When the foot stands on it, the insole tends to expand, i.e. the shoe must offer sufficient space. Soft padded insoles can support, cushion, correct. They are used for malpositioning, diabetes, rheumatism, postural deformities and splayfeet as well as for running.

Long-sole cork and leather insoles: These are composite insoles made of cork and leather, which are connected to each other by means of a binding material. Long-shoe means that the sole is usually not able to slip and is not perceived as a nuisance under the ball of the foot. The area of application is the bent foot, splayfoot and hollow foot.

Three-quarter cork and leather insoles: They correspond approximately to the long-shoe form with the difference that they end directly under the ball of the foot and are therefore often perceived as disturbing. They are used for knee malpositions, splayfoot, flat foot and flat feet. However, the advantage of the insoles is that they also fit into tighter cut shoes.

Plastic insoles: This type of insoles takes up the least volume in the shoe, i.e. it is not necessary to pay attention to a large shoe. These insoles are used for many foot and leg malpositions. Each insole is individually adjusted to the foot and according to the existing malpositions.

For this purpose, an impression is first made. This impression is then used to create a corresponding computer matrix using CAD, which is then fed into a machine. This machine then produces the insole from the corresponding basic materials.

The patient is then fitted, and either the patient wears his insoles to the trial or he walks a few steps on the treadmill. The orthopedic technician can then see whether the insoles fit and adapt to the ankle. The cost varies greatly depending on the materials used.

Depending on them, they are either paid for by the public health insurance companies or require membership in a private health insurance company. The most commonly prescribed insoles are the cork insoles.They are also the cheapest to produce and are usually paid for by the statutory health insurance. Sensorimotor insoles are expensive and are usually only covered by private health insurance companies.

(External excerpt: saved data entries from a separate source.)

(* If a graph $G$ has $n\ge 1$ vertices, then $m(G)\le \lceil n/3\rceil+1$.
   Context: All graphs are finite, simple and undirected. A list assignment $L$ for a graph $G$ assigns to each vertex $v$ a set $L(v)$ of colors; an $L$-coloring is a proper vertex coloring $c$ of $G$ with $c(v)\in L(v)$ for every vertex $v$. A $k$-list assignment is a list assignment with $|L(v)|=k$ for all $v$. $G$ is uniquely $k$-list colorable (U$k$LC) if there exists a $k$-list assignment $L$ such that $G$ has exactly one $L$-coloring. $G$ has property $M(k)$ if it is not U$k$LC, i.e. for every $k$-list assignment $L$, $G$ has either no $L$-coloring or at least two $L$-colorings. The m-number $m(G)$ is the least integer $k\ge 1$ such that $G$ has property $M(k)$. (Every U$k$LC graph is also U$(k-1)$LC, so $G$ is U$k$LC iff $k<m(G)$.) *)

theory Defs
  imports Complex_Main
begin

definition simple_graph :: "'a set \<Rightarrow> ('a \<Rightarrow> 'a \<Rightarrow> bool) \<Rightarrow> bool" where
  "simple_graph V E \<longleftrightarrow> finite V \<and>
     (\<forall>u v. E u v \<longrightarrow> u \<in> V \<and> v \<in> V \<and> u \<noteq> v \<and> E v u)"

text \<open>Colours are natural numbers (the graph is finite, so countably many
  colours are enough).\<close>
definition k_list_assignment :: "'a set \<Rightarrow> ('a \<Rightarrow> nat set) \<Rightarrow> nat \<Rightarrow> bool" where
  "k_list_assignment V L k \<longleftrightarrow> (\<forall>v\<in>V. finite (L v) \<and> card (L v) = k)"

definition L_coloring :: "'a set \<Rightarrow> ('a \<Rightarrow> 'a \<Rightarrow> bool) \<Rightarrow> ('a \<Rightarrow> nat set) \<Rightarrow> ('a \<Rightarrow> nat) \<Rightarrow> bool" where
  "L_coloring V E L c \<longleftrightarrow> (\<forall>v\<in>V. c v \<in> L v) \<and> (\<forall>u\<in>V. \<forall>v\<in>V. E u v \<longrightarrow> c u \<noteq> c v)"

definition unique_L_coloring :: "'a set \<Rightarrow> ('a \<Rightarrow> 'a \<Rightarrow> bool) \<Rightarrow> ('a \<Rightarrow> nat set) \<Rightarrow> bool" where
  "unique_L_coloring V E L \<longleftrightarrow>
     (\<exists>c. L_coloring V E L c \<and> (\<forall>c'. L_coloring V E L c' \<longrightarrow> (\<forall>v\<in>V. c' v = c v)))"

definition UkLC :: "'a set \<Rightarrow> ('a \<Rightarrow> 'a \<Rightarrow> bool) \<Rightarrow> nat \<Rightarrow> bool" where
  "UkLC V E k \<longleftrightarrow> (\<exists>L. k_list_assignment V L k \<and> unique_L_coloring V E L)"

definition property_M :: "'a set \<Rightarrow> ('a \<Rightarrow> 'a \<Rightarrow> bool) \<Rightarrow> nat \<Rightarrow> bool" where
  "property_M V E k \<longleftrightarrow> \<not> UkLC V E k"

definition m_number :: "'a set \<Rightarrow> ('a \<Rightarrow> 'a \<Rightarrow> bool) \<Rightarrow> nat" where
  "m_number V E = (LEAST k. 1 \<le> k \<and> property_M V E k)"

end

theory Submission
  imports Defs
begin

text \<open>Let \<open>c\<close> be the unique \<open>L\<close>-coloring of a graph on \<open>n\<close> vertices. Recoloring a single
  vertex \<open>v\<close> with another color of \<open>L(v)\<close> must fail, so all lists consist of colors used by \<open>c\<close>.
  Moreover, in every nonempty set \<open>T\<close> of used colors some color class cannot be moved as a whole
  to another color of \<open>T\<close>: otherwise a fixed-point-free self-map of \<open>T\<close> has a cycle, and rotating
  the colors along it yields a second \<open>L\<close>-coloring. Applying this to the color classes with one
  and with two vertices bounds the number of colors a list can draw from, which gives
  \<open>3k \<le> n + 2\<close>; hence no \<open>k\<close>-list assignment with \<open>k = \<lceil>n/3\<rceil> + 1\<close> has a unique coloring.\<close>

lemma finite_endomap_invariant_subset:
  assumes "finite T" "T \<noteq> {}" "g ` T \<subseteq> T"
  shows "\<exists>P\<subseteq>T. P \<noteq> {} \<and> g ` P = P"
  using assms
proof (induction "card T" arbitrary: T rule: less_induct)
  case less
  show ?case
  proof (cases "g ` T = T")
    case True
    then show ?thesis using less.prems(2) by (intro exI[of _ T]) simp
  next
    case False
    then have "g ` T \<subset> T" using less.prems(3) by blast
    then have "card (g ` T) < card T" using less.prems(1) by (simp add: psubset_card_mono)
    moreover have "finite (g ` T)" "g ` T \<noteq> {}" using less.prems(1,2) by simp_all
    moreover have "g ` g ` T \<subseteq> g ` T" using less.prems(3) by (rule image_mono)
    ultimately have "\<exists>P\<subseteq>g ` T. P \<noteq> {} \<and> g ` P = P"
      by (rule less.hyps)
    then obtain P where "P \<subseteq> g ` T" "P \<noteq> {}" "g ` P = P" by blast
    moreover have "P \<subseteq> T" using \<open>P \<subseteq> g ` T\<close> less.prems(3) by (rule subset_trans)
    ultimately show ?thesis by blast
  qed
qed

lemma inj_extend_by_id:
  assumes "finite P" "g ` P = P"
  shows "inj (\<lambda>x. if x \<in> P then g x else x)"
proof (rule injI)
  have "inj_on g P" using assms by (simp add: finite_surj_inj)
  fix x y assume "(if x \<in> P then g x else x) = (if y \<in> P then g y else y)"
  then show "x = y" using \<open>inj_on g P\<close> assms(2) by (auto simp: inj_on_def split: if_splits)
qed

locale unique_list_coloring =
  fixes V :: "'a set" and E :: "'a \<Rightarrow> 'a \<Rightarrow> bool"
    and L :: "'a \<Rightarrow> nat set" and c :: "'a \<Rightarrow> nat"
  assumes graph: "simple_graph V E"
    and coloring: "L_coloring V E L c"
    and unique: "\<And>c' v. L_coloring V E L c' \<Longrightarrow> v \<in> V \<Longrightarrow> c' v = c v"
begin

definition color_class :: "nat \<Rightarrow> 'a set" where
  "color_class a = {v \<in> V. c v = a}"

definition class_recolorable :: "nat \<Rightarrow> nat \<Rightarrow> bool" where
  "class_recolorable a b \<longleftrightarrow> (\<forall>v\<in>color_class a. b \<in> L v)"

lemma finite_vertices: "finite V"
  using graph unfolding simple_graph_def by blast

lemma finite_color_class: "finite (color_class a)"
  using finite_vertices by (simp add: color_class_def)

lemma color_in_list: "v \<in> V \<Longrightarrow> c v \<in> L v"
  using coloring by (simp add: L_coloring_def)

With plastic insoles, it depends on the individual case whether the costs are covered by public health insurance. They are slightly more expensive than cork insoles and are prescribed less often. Whether a malposition can be corrected by insoles depends on two essential factors: First, how severe the malposition is, and second, when the wearing of the insoles begins.

The earlier and the more consistently insoles are worn, the better the chances of success. The chances of success are correspondingly lower in older patients who start wearing insoles late. Shoe insoles play an important role in orthopedic technology.

They are always used when patients have malpositioned feet, legs or the spine. They are also used when the malpositioning and the imbalance in the statics of the skeleton result in a malocclusion with jaw and tooth pain. The aim of every insole is to compensate for the malpositioning of the arch of the foot by means of appropriate elevations.

There are different types of insoles. The most commonly used are insoles made of cork. A distinction is made between long and short versions.

Foam insoles require a rather large expansion space and correspondingly large shoes. Plastic insoles, on the other hand, require only a small space in the shoes, but are somewhat more expensive to produce. Newer, more modern and even more expensive insoles are also called sensomotoric insoles.

They will probably be used more and more frequently in the future. Insoles are usually paid for by the public health insurance companies. But here it depends on which materials are used.

While insoles made of cork are almost always paid for, statutory health insurance companies only pay for insoles made of plastic in exceptional cases and sensorimotor insoles almost never. The smaller the patient’s deformities are, the earlier the insoles are worn and, above all, the more regularly they are worn, the more successful the achieved result is. However, older patients who have a pronounced malposition of the feet or legs can rarely achieve success with insoles.